Oil edged higher after a report pointed to a drop in U.S. crude stockpiles and on signs that additional supply from OPEC+ next month won’t be as much as previously anticipated.
Futures in New York traded near $40.50 a barrel after closing up 0.5% on Tuesday. The American Petroleum Institute reported that U.S. inventories fell by 8.32 million barrels last week, according to people familiar with the data. That would be the largest drawdown since December if confirmed by official figures due Wednesday, suggesting a supply glut is easing.
OPEC+ is seeking compensatory production cuts in August and September from members that have missed targets in previous months, according to delegates. The proposal, which may temper the impact of the planned supply resumption, will be discussed Wednesday by the group’s ministerial monitoring committee.
Crude has traded in a tight range around $40 a barrel this month as less supply and recovering demand is balanced by nervousness over a pandemic that’s still not under control in many parts of the world. A deterioration in relations between Washington and Beijing is also clouding the global economic outlook, with the U.S. announcing an end to Hong Kong’s special status on Tuesday.
The tapering of the OPEC+ supply cuts is already priced-in, so isn’t likely to move the market much, said Howie Lee, an economist at Oversea-Chinese Banking Corp. Oil will probably remain around current levels for a while, but there’s a downside risk if the virus situation gets worse, he said.

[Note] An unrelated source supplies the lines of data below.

(* In a knapsack budgeted game $(N,v)$ with representation $(\{(l_1,w_1),\ldots,(l_{|N|},w_{|N|})\}, l_{\mathrm{bin}})$, the Shapley value $\phi_i(v)$ of any given agent $i$ can be computed exactly in time $O\big(l_{\mathrm{bin}}(w_{\max}+1)^{l_{\mathrm{bin}}+1}|N|^2\big)$, where $w_{\max}=\lceil l_{\mathrm{bin}}\cdot \max_k w_k/l_k\rceil$.
   Context: A cooperative game $(N,v)$ consists of a finite set $N$ of agents and a function $v:2^N\to\mathbb R$ with $v(\emptyset)=0$. The Shapley value of agent $i$ is $\phi_i(v)=\sum_{S\subseteq N\setminus\{i\}}\frac{|S|!\,(|N|-|S|-1)!}{|N|!}\big(v(S\cup\{i\})-v(S)\big)$. A knapsack budgeted game is a cooperative game $(N,v)$, with agents labeled $1,\ldots,|N|$, given by nonnegative integers $(\{(l_1,w_1),\ldots,(l_{|N|},w_{|N|})\}, l_{\mathrm{bin}})$ with $0<l_i\le l_{\mathrm{bin}}$ for all $i$, such that $v(S)=\max_{S'\subseteq S:\ l(S')\le l_{\mathrm{bin}}} w(S')$ for all $S\subseteq N$, where $l(S')=\sum_{k\in S'}l_k$ and $w(S')=\sum_{k\in S'}w_k$. Running times count arithmetic operations at unit cost. *)

theory Defs
  imports Complex_Main
begin

definition shapley :: "nat \<Rightarrow> (nat set \<Rightarrow> real) \<Rightarrow> nat \<Rightarrow> real" where
  "shapley n v i =
     (\<Sum>S\<in>Pow ({1..n} - {i}).
        (fact (card S) * fact (n - card S - 1) / fact n) * (v (S \<union> {i}) - v S))"

definition knapsack_game :: "(nat \<Rightarrow> nat) \<Rightarrow> (nat \<Rightarrow> nat) \<Rightarrow> nat \<Rightarrow> nat set \<Rightarrow> real" where
  "knapsack_game l w lbin S =
     real (Max {(\<Sum>k\<in>S'. w k) | S'. S' \<subseteq> S \<and> (\<Sum>k\<in>S'. l k) \<le> lbin})"

definition valid_knapsack :: "nat \<Rightarrow> (nat \<Rightarrow> nat) \<Rightarrow> nat \<Rightarrow> bool" where
  "valid_knapsack n l lbin = (\<forall>k\<in>{1..n}. 0 < l k \<and> l k \<le> lbin)"

definition w_max :: "nat \<Rightarrow> (nat \<Rightarrow> nat) \<Rightarrow> (nat \<Rightarrow> nat) \<Rightarrow> nat \<Rightarrow> int" where
  "w_max n l w lbin = \<lceil>real lbin * (MAX k\<in>{1..n}. real (w k) / real (l k))\<rceil>"

type_synonym mem = "nat \<Rightarrow> rat"

datatype expr =
    Const rat
  | Load expr
  | Plus expr expr
  | Minus expr expr
  | Times expr expr
  | Divide expr expr

datatype bexp = Le expr expr | Not bexp | And bexp bexp

datatype com =
    Skip
  | Store expr expr
  | Seq com com
  | If bexp com com
  | While bexp com

definition addr :: "rat \<Rightarrow> nat" where
  "addr x = nat \<lfloor>x\<rfloor>"

fun eval :: "expr \<Rightarrow> mem \<Rightarrow> rat" where
  "eval (Const c) M = c"
| "eval (Load e) M = M (addr (eval e M))"
| "eval (Plus a b) M = eval a M + eval b M"
| "eval (Minus a b) M = eval a M - eval b M"
| "eval (Times a b) M = eval a M * eval b M"
| "eval (Divide a b) M = eval a M / eval b M"

fun beval :: "bexp \<Rightarrow> mem \<Rightarrow> bool" where
  "beval (Le a b) M = (eval a M \<le> eval b M)"
| "beval (Not b) M = (\<not> beval b M)"
| "beval (And a b) M = (beval a M \<and> beval b M)"

fun ecost :: "expr \<Rightarrow> nat" where
  "ecost (Const c) = 1"
| "ecost (Load e) = 1 + ecost e"
| "ecost (Plus a b) = 1 + ecost a + ecost b"
| "ecost (Minus a b) = 1 + ecost a + ecost b"
| "ecost (Times a b) = 1 + ecost a + ecost b"
| "ecost (Divide a b) = 1 + ecost a + ecost b"

fun bcost :: "bexp \<Rightarrow> nat" where
  "bcost (Le a b) = 1 + ecost a + ecost b"
| "bcost (Not b) = 1 + bcost b"
| "bcost (And a b) = 1 + bcost a + bcost b"

inductive exec :: "com \<Rightarrow> mem \<Rightarrow> nat \<Rightarrow> mem \<Rightarrow> bool" where
  exec_Skip: "exec Skip M 1 M"
| exec_Store: "exec (Store a e) M (1 + ecost a + ecost e)
                  (M(addr (eval a M) := eval e M))"
| exec_Seq: "exec c1 M t1 M1 \<Longrightarrow> exec c2 M1 t2 M2 \<Longrightarrow> exec (Seq c1 c2) M (t1 + t2) M2"
| exec_IfT: "beval b M \<Longrightarrow> exec c1 M t M' \<Longrightarrow> exec (If b c1 c2) M (1 + bcost b + t) M'"
| exec_IfF: "\<not> beval b M \<Longrightarrow> exec c2 M t M' \<Longrightarrow> exec (If b c1 c2) M (1 + bcost b + t) M'"
| exec_WhileF: "\<not> beval b M \<Longrightarrow> exec (While b c) M (1 + bcost b) M"
| exec_WhileT: "beval b M \<Longrightarrow> exec c M t1 M1 \<Longrightarrow> exec (While b c) M1 t2 M2 \<Longrightarrow>
                  exec (While b c) M (1 + bcost b + t1 + t2) M2"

West Texas Intermediate for August delivery rose 0.5% to $40.48 a barrel on the New York Mercantile Exchange as of 11:37 a.m in Singapore. The contract finished at $40.90 on July 8, the highest close since March 6.
Brent for September settlement climbed 0.5% to $43.10 after advancing 0.4% on Tuesday. The global benchmark’s three-month timespread was 63 cents in contango — where prompt prices are cheaper than later dated contracts — from 70 cents in contango on Monday. The market structure indicates that while there’s still some concern about over-supply, it’s eased slightly.
An OPEC+ technical committee that met online on Tuesday outlined plans for countries including Iraq, Nigeria and Kazakhstan to make an additional 842,000 barrels a day of cuts over the next couple of months, the delegates said. The alliance is expected to announce that its overall curbs of 9.6 million barrels a day — about 10% of global supplies — will be relaxed from August.
OPEC, meanwhile, expects demand for its oil to be back at pre-virus levels by next year. The Organization of Petroleum Exporting Countries forecasts the need for its crude will surge by 25% in 2021 to average 29.8 million barrels a day, higher than the level required in 2019, it said in a monthly report.
Oil Market News
- Middle East producers are banking on robust demand from Asia for more sulfurous and dense crude, boosting prices for the dirtier oil even as OPEC+ considers loosening cuts that would increase supply.
- The turmoil caused by the global pandemic is pushing drilling for new oil and natural gas wells worldwide to the lowest level since the start of the century, and the recovery will be slow, according to Rystad Energy.
- Crude futures on the Shanghai International Energy Exchange rose 1% to 295.1 yuan a barrel after dropping 1.1% on Tuesday.